Movie Reviews


Jerry BruckheimerBluntly Speaking: Jerry Bruckheimer
an emily blunt interview
photo: mathew rolston





Mega-producer Jerry Bruckheimer's latest block-buster in-waiting, is a re-visioning of the Arthurian Tale. Acutely aware of the lullaby-like appeal Arthur and his stately Knights have on an audience's movie-going psyche, this millennium Arthur is a fresh take. We are catapulted back into a humorless Dark Ages' scrapbook of the legend, written by Oscar ® best-picture 2000 winner Gladiator screenwriter David Franzoni, and earmarked for accuracy by a team of historians, who are themselves ever in debate about the "real" King's past.

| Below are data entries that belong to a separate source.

definition krasner_hyperring ::
  "'a set \<Rightarrow> ('a \<Rightarrow> 'a \<Rightarrow> 'a set) \<Rightarrow> ('a \<Rightarrow> 'a \<Rightarrow> 'a) \<Rightarrow> 'a \<Rightarrow> 'a \<Rightarrow> ('a \<Rightarrow> 'a) \<Rightarrow> bool" where
  "krasner_hyperring R add mul zero one neg \<longleftrightarrow>
     \<comment> \<open>(R, add) is a canonical hypergroup\<close>
     (\<forall>x\<in>R. \<forall>y\<in>R. add x y \<noteq> {} \<and> add x y \<subseteq> R) \<and>
     (\<forall>x\<in>R. \<forall>y\<in>R. \<forall>z\<in>R. hsum add (add x y) {z} = hsum add {x} (add y z)) \<and>
     (\<forall>x\<in>R. \<forall>y\<in>R. add x y = add y x) \<and>
     zero \<in> R \<and> (\<forall>x\<in>R. add x zero = {x}) \<and>
     (\<forall>x\<in>R. neg x \<in> R \<and> zero \<in> add x (neg x) \<and>
        (\<forall>y\<in>R. zero \<in> add x y \<longrightarrow> y = neg x)) \<and>
     (\<forall>x\<in>R. \<forall>y\<in>R. \<forall>z\<in>R. z \<in> add x y \<longrightarrow> y \<in> add (neg x) z \<and> x \<in> add z (neg y)) \<and>
     \<comment> \<open>(R, mul) is a commutative semigroup with identity one \<noteq> zero\<close>
     (\<forall>x\<in>R. \<forall>y\<in>R. mul x y \<in> R) \<and>
     (\<forall>x\<in>R. \<forall>y\<in>R. \<forall>z\<in>R. mul (mul x y) z = mul x (mul y z)) \<and>
     (\<forall>x\<in>R. \<forall>y\<in>R. mul x y = mul y x) \<and>
     one \<in> R \<and> one \<noteq> zero \<and> (\<forall>x\<in>R. mul one x = x) \<and>
     \<comment> \<open>zero is absorbing\<close>
     (\<forall>x\<in>R. mul zero x = zero) \<and>
     \<comment> \<open>distributivity\<close>
     (\<forall>x\<in>R. \<forall>y\<in>R. \<forall>z\<in>R. mul z ` add x y = add (mul z x) (mul z y))"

Bruckheimer always sets out to, "make entertaining films." He also believes box-office numbers are not Merlin-style magic - it's a strategic combo of subject research, listening to the trends/knowing what the market is calling for, and getting the best in the field to do their jobs for his productions.

Jerry's also open to what the market will bare. His version of the Arthurian legend has been edited to secure a PG13 rating (down from its original branding of the dreaded R). This simply means more viewers, which means the film is now legitimately poised to take a nip outta the summer's expected gladiators (Shrek 2 & Spider-Man 2).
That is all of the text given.